In reality, the opposite has happened. The zombie ideas I criticized continue to walk the earth and do immense damage. Worse still, the long-buried corpse of an idea discredited ever since the Great Depression have re-emerged. The zombie economics of ‘expansionary austerity’ now threatens to turn what is already the worst slump to afflict North American and Europe since 1945 into a new, and global, Great Depression.
The advocates of expansionary austerity make two claims. The first is that our current problems are the result of governments living beyond their means. The claim is absurd on the face of things – there is no plausible link between government budget deficits and the speculative bubble and bust that produced the Global Financial Crisis – but it resonates with deeply imbued beliefs about the virtues of thrift and the need for sacrifice as a response to adversity.
The second, even less plausible, claim is that the way to secure a sustainable economic recovery is for governments to spend less[1] thereby making room for the private sector. The painfully evident fact that there is already plenty of room for private expansion, in the form of unemployed workers and idle factories, is simply ignored.
Just as zombies are grim and distorted versions of their living selves, so the ideology of expansionary austerity is a grim and menacing version of the ideology of market liberalism. In the triumphalist 1990s, Thomas Friedman’s metaphor du jour was the ‘Golden Straitjacket’. The idea was that, while governments now had no choice but to adhere to the dictates of market liberalism, their citizens would be richly rewarded when they did so. Now the claim is that we need to suffer the pains of austerity, but that the reward will be nothing better than to return the economy to the more-or-less normal functioning that has delivered little or nothing to 80 per cent of the population over the last decade.

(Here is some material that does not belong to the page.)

(* (a) Consider Algorithm 1 with $x_0=0$, run on arbitrary vectors $g_t$ and non-negative learning rates. For any $t\ge1$ and any $x^*\in\mathbb{R}^d$, $$\|x_t\|\le\max\Big\{\|x^*\|+\sqrt{(S_{t-1}+2)B_{\phi_t}(x^*,x_t)},\;2\|x^*\|,\;4(S_{t-1}+2)B_{\phi_t}(x^*,x_t)\Big\}.$$ (b) If in addition $F$ is variationally coherent with minimizer $x^*$, $\mathcal{F}_t$ is the $\sigma$-algebra generated by $x_1,\dots,x_t,g_1,\dots,g_{t-1}$, $\mathbb{E}[g_t\mid\mathcal{F}_t]=\nabla F(x_t)$ and $\|g_t\|\le G$ a.s., each $\eta_t\ge0$ is $\mathcal{F}_t$-measurable, and for some $\gamma>0$ almost surely $\sum_t\eta_t^2\|g_t\|^2<\gamma$, $\sum_t\eta_t=\infty$, $\eta_t\le1/G$ for all $t$, then $\sup_{t\ge1}\|x_t\|<\infty$ almost surely.
   Context: $\|\cdot\|$ is the Euclidean norm, $G>0$. For differentiable $f$, $B_f(x,y)=f(x)-f(y)-\langle\nabla f(y),x-y\rangle$. A function $F:\mathbb{R}^d\to\mathbb{R}$ is variationally coherent if it is continuously differentiable, has a unique minimizer $x^*$, and $\langle\nabla F(x),x-x^*\rangle\ge0$ for all $x$, with equality iff $x=x^*$. Auxiliary functions: $\psi^*(\theta,S,Q)=\exp\big(\max_{\beta\in[-1/2,1/2]}(\theta\beta-\beta^2S^2)-Q\big)$ for $\theta\in\mathbb{R},S>0,Q\ge0$; $\psi(x,S,Q)=\sup_{\theta\in\mathbb{R}}(\theta x-\psi^*(\theta,S,Q))$. Algorithm 1 with $x_0=0$: $S_0^2=4$, $Q_0=0$, $\theta_0=0$. For $t=1,2,\dots$: $\phi_t(x)=\psi(\|x\|,S_{t-1},Q_{t-1})$; $x_t$ is the unique minimizer of $\phi_t(x)-\langle\theta_{t-1},x\rangle$; receive $g_t$; $\ell_t=\eta_tg_t$, $S_t^2=S_{t-1}^2+\|\ell_t\|^2$ ($S_t>0$), $Q_t=Q_{t-1}+\|\ell_t\|^2/S_t^2$, $\theta_t=\theta_{t-1}-\ell_t$. *)

theory Defs
  imports "HOL-Analysis.Analysis" "HOL-Probability.Probability"
begin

This zombie idea is at least as powerful as any of those I attacked in the first edition of this boo. As I write this, it has already defeated any hopes for a rapid recovery from the long slump that has followed the Global Financial Crisis. It is on the verge of destroying the common European currency and, quite possibly, the European Union itself. In the United States, Republican demands for austerity have repeatedly brought the political system to the brink of collapse. The shutdown of the government, and even default on US public debt, have been averted only at the last possible moment, and may yet occur.

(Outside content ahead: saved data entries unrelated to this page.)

(* Let $k\geq 1$ and $p$ be real. The chain of inequalities $$\tfrac{k}{k+2}\left( \tfrac{\sinh x}{x}\right) ^{kp}+\tfrac{2}{k+2}\left( \tfrac{\tanh x}{x}\right) ^{p}>\tfrac{2}{k+2}\left( \tfrac{x}{\sinh x}\right) ^{kp}+\tfrac{k}{k+2}\left( \tfrac{x}{\tanh x}\right) ^{p}>1$$ holds for all $x\in(0,\infty)$ if and only if $k\geq 2$ and $p\geq \frac{12}{5(k+2)}$. *)

theory Defs
  imports Complex_Main
begin

end

theory Submission
  imports Defs "HOL-Real_Asymp.Real_Asymp"
begin

text \<open>
  Put \<open>U x = ln (sinh x / x)\<close> and \<open>V x = ln (x cosh x / sinh x)\<close>, both positive on
  \<open>(0, \<infinity>)\<close>. The four powers in the chain are \<open>exp (\<plusminus>k p U)\<close> and \<open>exp (\<plusminus>p V)\<close>, so the
  first inequality is equivalent to \<open>p V < k p U\<close>, and the second says that
  \<open>M = 2/(k+2) exp (-k p U) + k/(k+2) exp (p V)\<close> exceeds 1.
  Lazarevic's inequality \<open>V < 2 U\<close> gives the first inequality when \<open>k \<ge> 2\<close> and \<open>p > 0\<close>;
  conversely \<open>U \<ge> V\<close> for large \<open>x\<close> forces \<open>p > 0\<close>, and \<open>U / V \<rightarrow> 1/2\<close> at \<open>0\<close> forces \<open>k \<ge> 2\<close>.
  Since \<open>M \<rightarrow> 1\<close> at \<open>0\<close>, the second inequality follows from \<open>M' > 0\<close>, which reduces through
  \<open>1 + 2x\<^sup>2/5 < exp (3/5 (V + 2U))\<close> to inequalities between polynomials in \<open>x\<close>, \<open>sinh x\<close>,
  \<open>cosh x\<close>, each proved by repeated differentiation. Conversely,
  \<open>M - 1 = k p/(k+2) (p (k+2)/36 - 1/15) x\<^sup>4 + o(x\<^sup>4)\<close> forces \<open>p \<ge> 12/(5(k+2))\<close>.
\<close>

lemma gt_of_tendsto_at_right_deriv_pos:
  fixes f f' :: "real \<Rightarrow> real"
  assumes lim: "(f \<longlongrightarrow> l) (at_right a)"
    and der: "\<And>t. t > a \<Longrightarrow> (f has_real_derivative f' t) (at t)"
    and pos: "\<And>t. t > a \<Longrightarrow> f' t > 0"
    and x: "x > a"
  shows "f x > l"
proof -
  have mono: "f s < f t" if "a < s" "s < t" for s t
  proof (rule DERIV_pos_imp_increasing[OF that(2)])
    fix y assume "s \<le> y" "y \<le> t"
    with that have "y > a" by linarith
    with der pos show "\<exists>D. DERIV f y :> D \<and> D > 0" by blast
  qed
  have "eventually (\<lambda>s. f s \<le> f ((a + x) / 2)) (at_right a)"
    using eventually_at_right_real[of a "(a + x) / 2"] x
    by (auto elim!: eventually_mono intro!: less_imp_le mono)
  then have "l \<le> f ((a + x) / 2)"
    by (rule tendsto_upperbound[OF lim]) simp
  also have "\<dots> < f x"
    using x by (intro mono) auto
  finally show ?thesis .
qed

Nor is the rest of the world immune. Even countries that avoided the worst impacts of the Global Financial Crisis would find it difficult to navigate through a new crisis, with a likely further contraction in global trade and disruption of capital flows. Yet this seems to be the inevitable outcome of the policies being pursued in the US and, even more, in Europe. Expansionary austerity is the deadliest of zombie ideas.

?
[1] Some advocates of expansionary austerity also advocate higher taxation as a route to budget balance. More commonly, the “austerians” favor a shift in the tax burden, away from corporations and the wealthy, and on to workers, the middle class, and (via hihger sales taxes) the poor.

101 thoughts on “Blogging the Zombies: Austerity (revised)

  1. I’ve started a new sandpit, and would ask that discussions of MMT/Chartalism be taken there. As with nuclear power, I think we’ve been over all the arguments on this one, or at least I have.